Constantly forced to experience his own powerlessness was torture, both physically and mentally. Even though he could feel himself getting stronger, not once had he landed a meaningful blow.
Well... It’s simply not a fight where winning is possible.
He didn’t have the right to talk about luck, skill, or momentum. The gap between them was far greater than heaven and earth.
Even if Kasim fought using just one finger, Leon would die in a single hit. Even if his arms and legs were tied and he could only headbutt, it’d still end the same. Thinking about winning was arrogant in itself.

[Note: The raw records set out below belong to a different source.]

text \<open>Induction on the size of the symmetric difference \<open>D \<triangle> V\<^sub>2\<close>. If \<open>V\<^sub>2 \<subset> D\<close>, delete a vertex
  of \<open>D - V\<^sub>2\<close>; since \<open>V\<^sub>2\<close> dominates, so does the result. Otherwise add a deepest vertex
  \<open>y \<in> V\<^sub>2 - D\<close> and then delete one vertex \<open>x \<notin> V\<^sub>2\<close> of \<open>D\<close> just below \<open>y\<close>: a child of \<open>y\<close>
  labelled 1, a grandchild of \<open>y\<close> labelled 3, or the child of the root when \<open>y = r\<close>. Every vertex
  that \<open>x\<close> dominated is still dominated by \<open>y\<close>, by the parent of \<open>x\<close>, or by a vertex labelled 2
  below \<open>x\<close>, and the latter all lie in \<open>D\<close> because \<open>y\<close> was chosen deepest. Each round passes
  through sets of size at most \<open>|D| + 1\<close> and shrinks the symmetric difference.\<close>

lemma obtains_maximizer:
  fixes f :: "'a \<Rightarrow> 'b::linorder"
  assumes "finite A" "A \<noteq> {}"
  obtains x where "x \<in> A" "\<And>z. z \<in> A \<Longrightarrow> f z \<le> f x"
proof -
  obtain x where x: "x \<in> A" "Max (f ` A) = f x"
    using assms by (rule obtains_MAX)
  have "f z \<le> f x" if "z \<in> A" for z
    unfolding x(2)[symmetric] using assms(1) that by (intro Max_ge finite_imageI imageI)
  with x(1) show ?thesis by (rule that)
qed

section \<open>Shortest walks and cycles\<close>

lemma dist_le_relpowp: "(E ^^ n) x y \<Longrightarrow> dist E x y \<le> n"
  unfolding dist_def by (rule Least_le)

lemma relpowp_dist: "(E ^^ n) x y \<Longrightarrow> (E ^^ dist E x y) x y"
  unfolding dist_def by (rule LeastI)

lemma dist_self [simp]: "dist E x x = 0"
  using dist_le_relpowp[where n = 0 and x = x and y = x] by simp

lemma geodesic_exists:
  assumes "(E ^^ n) x y"
  obtains f where "f 0 = x" "f (dist E x y) = y" "\<forall>i<dist E x y. E (f i) (f (Suc i))"
    "\<forall>i\<le>dist E x y. dist E x (f i) = i"
proof -
  define d where "d = dist E x y"
  obtain f where f: "f 0 = x" "f d = y" "\<forall>i<d. E (f i) (f (Suc i))"
    using relpowp_dist[OF assms] relpowp_fun_conv unfolding d_def by metis
  have prefix: "(E ^^ i) x (f i)" if "i \<le> d" for i
    using f that by (auto simp: relpowp_fun_conv)
  have suffix: "(E ^^ (d - i)) (f i) y" if "i \<le> d" for i
    using f that by (auto simp: relpowp_fun_conv intro!: exI[of _ "\<lambda>j. f (i + j)"])
  have "dist E x (f i) = i" if "i \<le> d" for i
  proof -
    have "(E ^^ (dist E x (f i) + (d - i))) x y"
      using relpowp_dist[OF prefix[OF that]] suffix[OF that] by (auto simp: relpowp_add)
    then have "d \<le> dist E x (f i) + (d - i)"
      unfolding d_def by (rule dist_le_relpowp)
    with dist_le_relpowp[OF prefix[OF that]] that show ?thesis by linarith
  qed
  with f that show ?thesis unfolding d_def by blast
qed

lemma is_cycle_iff:
  "is_cycle E xs \<longleftrightarrow> 3 \<le> length xs \<and> distinct xs \<and> successively E xs \<and> E (last xs) (hd xs)"
  unfolding is_cycle_def successively_conv_nth ..

text \<open>Walking both walks back one level at a time, their endpoints are absorbed into the
  connecting path \<open>ws\<close>, which stays above the current level, until the walks meet.\<close>

lemma layered_walks_cycle:
  fixes d :: "'a \<Rightarrow> nat"
  assumes "symp E" and "f 0 = g 0"
    and "\<forall>i<n. E (f i) (f (Suc i))" and "\<forall>i<n. E (g i) (g (Suc i))"
    and "\<forall>i\<le>n. d (f i) = i" and "\<forall>i\<le>n. d (g i) = i"
    and "f n \<noteq> g n" and "successively E (f n # ws @ [g n])"
    and "distinct ws" and "\<forall>w\<in>set ws. n < d w"
  shows "\<exists>xs. is_cycle E xs"
  using assms(3-)
proof (induction n arbitrary: ws)
  case 0
  then show ?case using assms(2) by simp
next
  case (Suc m)
  have f_edge: "E (f m) (f (Suc m))" and g_edge: "E (g (Suc m)) (g m)"
    using Suc.prems(1,2) sympD[OF assms(1)] by auto
  have depths: "d (f m) = m" "d (f (Suc m)) = Suc m" "d (g m) = m" "d (g (Suc m)) = Suc m"
    using Suc.prems(3,4) by auto
  show ?case
  proof (cases "f m = g m")
    case True
    let ?xs = "f m # f (Suc m) # ws @ [g (Suc m)]"
    have "f m \<notin> set (f (Suc m) # ws @ [g (Suc m)])" "f (Suc m) \<notin> set (ws @ [g (Suc m)])"
      "g (Suc m) \<notin> set ws"
      using Suc.prems(5,8) depths by (auto dest: arg_cong[where f = d])
    then have "is_cycle E ?xs"
      unfolding is_cycle_iff using Suc.prems(6,7) f_edge g_edge True by auto
    then show ?thesis by blast
  next
    case False
    let ?ws = "f (Suc m) # ws @ [g (Suc m)]"
    have "successively E (?ws @ [g m])"
      using Suc.prems(6) g_edge by (subst successively_append_iff) simp
    then have "successively E (f m # ?ws @ [g m])"
      using f_edge by simp
    moreover have "distinct ?ws" "\<forall>w\<in>set ?ws. m < d w"
      using Suc.prems depths by auto
    ultimately show ?thesis using Suc.IH[of ?ws] Suc.prems False by auto
  qed
qed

From exactly thirty meters away, Kasim spoke.
“Let’s begin.”
He never struck first. It was usually better for the weaker fighter to start defensively, but their difference in level made even that meaningless. If Kasim took the first move, Leon would be finished before he could react. So Kasim gave him the first move, all so that Leon could struggle for even one more beat.
“Here I come,” Leon said.
He couldn’t hold anything back. Leaving just enough life force to keep himself alive, he poured everything else into his attack. His irises turned gold, and a blazing torrent of Aura Fire erupted around his body.
At this state, he could fight for less than fifteen seconds. Win or lose, he would collapse from exhaustion. It was as “all-out attack” as it got.
With a step that shattered the sound barrier, Leon charged toward Kasim.